The block diagram of an example of the solar power generation facility concerning the 1st Embodiment of this invention. The graph which shows an example of the characteristic curve of the output voltage and output power of the array aggregate | assembly of the solar power generation facility concerning the 1st Embodiment of this invention. The block diagram of an example of the solar power generation facility concerning the 2nd Embodiment of this invention. The graph which shows an example of the characteristic curve of the output voltage and output power of the array aggregate | assembly of the solar power generation equipment concerning the 2nd Embodiment of this invention. The graph of an example of the VP characteristic which showed the VI characteristic which showed the relationship between the output voltage V of a solar cell, and the output current I, and the output voltage V of the solar cell, and the output electric power P.

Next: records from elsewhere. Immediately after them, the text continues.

definition finite_simp_complex :: "'v set set \<Rightarrow> bool" where
  "finite_simp_complex K \<longleftrightarrow> finite K \<and>
     (\<forall>\<sigma>\<in>K. finite \<sigma> \<and> \<sigma> \<noteq> {} \<and> (\<forall>\<tau>. \<tau> \<noteq> {} \<and> \<tau> \<subseteq> \<sigma> \<longrightarrow> \<tau> \<in> K))"

definition convex_in :: "'v set set \<Rightarrow> bool" where
  "convex_in A \<longleftrightarrow> (\<forall>\<sigma>\<in>A. \<forall>\<tau>\<in>A. \<forall>\<mu>. \<sigma> \<subseteq> \<mu> \<and> \<mu> \<subseteq> \<tau> \<longrightarrow> \<mu> \<in> A)"

definition multivector_field :: "'v set set \<Rightarrow> 'v set set set \<Rightarrow> bool" where
  "multivector_field K V \<longleftrightarrow>
     (\<forall>A\<in>V. A \<noteq> {} \<and> A \<subseteq> K \<and> convex_in A) \<and> \<Union>V = K \<and>
     (\<forall>A\<in>V. \<forall>B\<in>V. A \<noteq> B \<longrightarrow> A \<inter> B = {})"

definition mv_class :: "'v set set set \<Rightarrow> 'v set \<Rightarrow> 'v set set" where
  "mv_class V \<sigma> = (THE A. A \<in> V \<and> \<sigma> \<in> A)"

definition mv_F :: "'v set set \<Rightarrow> 'v set set set \<Rightarrow> 'v set \<Rightarrow> 'v set set" where
  "mv_F K V \<sigma> = mv_class V \<sigma> \<union> {\<tau> \<in> K. \<tau> \<subseteq> \<sigma>}"

definition mv_path :: "'v set set \<Rightarrow> 'v set set set \<Rightarrow> 'v set list \<Rightarrow> bool" where
  "mv_path K V xs \<longleftrightarrow> xs \<noteq> [] \<and> set xs \<subseteq> K \<and>
     (\<forall>k. Suc k < length xs \<longrightarrow> xs ! Suc k \<in> mv_F K V (xs ! k))"

definition morse_decomposition ::
  "'v set set \<Rightarrow> 'v set set set \<Rightarrow> ('p::order) set \<Rightarrow> ('p \<Rightarrow> 'v set set) \<Rightarrow> bool" where
  "morse_decomposition K V P M \<longleftrightarrow> finite P \<and>
     (\<forall>p\<in>P. M p \<noteq> {}) \<and> (\<Union>p\<in>P. M p) = K \<and>
     (\<forall>p\<in>P. \<forall>q\<in>P. p \<noteq> q \<longrightarrow> M p \<inter> M q = {}) \<and>
     (\<forall>p\<in>P. \<forall>q\<in>P. \<forall>xs. mv_path K V xs \<and> hd xs \<in> M p \<and> last xs \<in> M q \<longrightarrow> q \<le> p)"

definition lyap_val :: "('p \<Rightarrow> 'v set set) \<Rightarrow> ('v set \<Rightarrow> real) \<Rightarrow> 'p \<Rightarrow> real" where
  "lyap_val M f p = f (SOME \<sigma>. \<sigma> \<in> M p)"

definition lyapunov :: "('p::order) set \<Rightarrow> ('p \<Rightarrow> 'v set set) \<Rightarrow> ('v set \<Rightarrow> real) \<Rightarrow> bool" where
  "lyapunov P M f \<longleftrightarrow>
     (\<forall>p\<in>P. \<forall>\<sigma>\<in>M p. f \<sigma> = lyap_val M f p) \<and>
     (\<forall>p\<in>P. \<forall>q\<in>P. p \<le> q \<longrightarrow> lyap_val M f p \<le> lyap_val M f q)"

text \<open>An f-compatible order: an enumeration \<open>ps = [p_1, ..., p_m]\<close> of P (0-based list)
  that is a linear extension of the partial order and along which f is nondecreasing.\<close>
definition f_compatible :: "('p::order) set \<Rightarrow> ('p \<Rightarrow> 'v set set) \<Rightarrow> ('v set \<Rightarrow> real) \<Rightarrow> 'p list \<Rightarrow> bool" where
  "f_compatible P M f ps \<longleftrightarrow> distinct ps \<and> set ps = P \<and>
     (\<forall>i<length ps. \<forall>j<length ps. ps ! i \<le> ps ! j \<longrightarrow> i \<le> j) \<and>
     sorted (map (lyap_val M f) ps)"

definition filt :: "('p \<Rightarrow> 'v set set) \<Rightarrow> 'p list \<Rightarrow> nat \<Rightarrow> 'v set set" where
  "filt M ps i = (\<Union>p\<in>set (take i ps). M p)"

text \<open>Chains with Z_2 coefficients: functions from simplices to \<open>bit\<close>. A q-chain of L is
  supported on the q-simplices (card = q+1) of L.\<close>

definition chains :: "'v set set \<Rightarrow> nat \<Rightarrow> ('v set \<Rightarrow> bit) set" where
  "chains L q = {c. \<forall>\<sigma>. c \<sigma> \<noteq> 0 \<longrightarrow> \<sigma> \<in> L \<and> card \<sigma> = Suc q}"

  Embodiments of the present invention will be described below. FIG. 1 is a configuration diagram of an example of a photovoltaic power generation facility according to the first embodiment of the present invention. FIG. 1 shows a case where two array aggregates 11 are coordinated and controlled when a plurality of adjacent array aggregates 11 are coordinated.

  The solar power generation facility is provided with a plurality of array aggregates 11, and a power conditioner 12 is connected to each array aggregate 11. The array assembly 11 is configured by connecting a plurality of arrays 13 in parallel, and FIG. 1 shows a case where three arrays 13 are connected in parallel. The array is configured by series-parallel connection of solar cell modules formed by connecting solar cells in series.

  The power conditioner 12 includes a power converter that converts DC power generated by the array assembly 11 into AC power, and a grid interconnection device that links the power converter to the power system. Power follow-up control is performed to convert the DC power generated by the array assembly 11 into AC power and output it to the bus 15 via the circuit breaker 14. Then, AC power is supplied from the bus 15 to the power system 18 via the transformer 16 and the main circuit breaker 17.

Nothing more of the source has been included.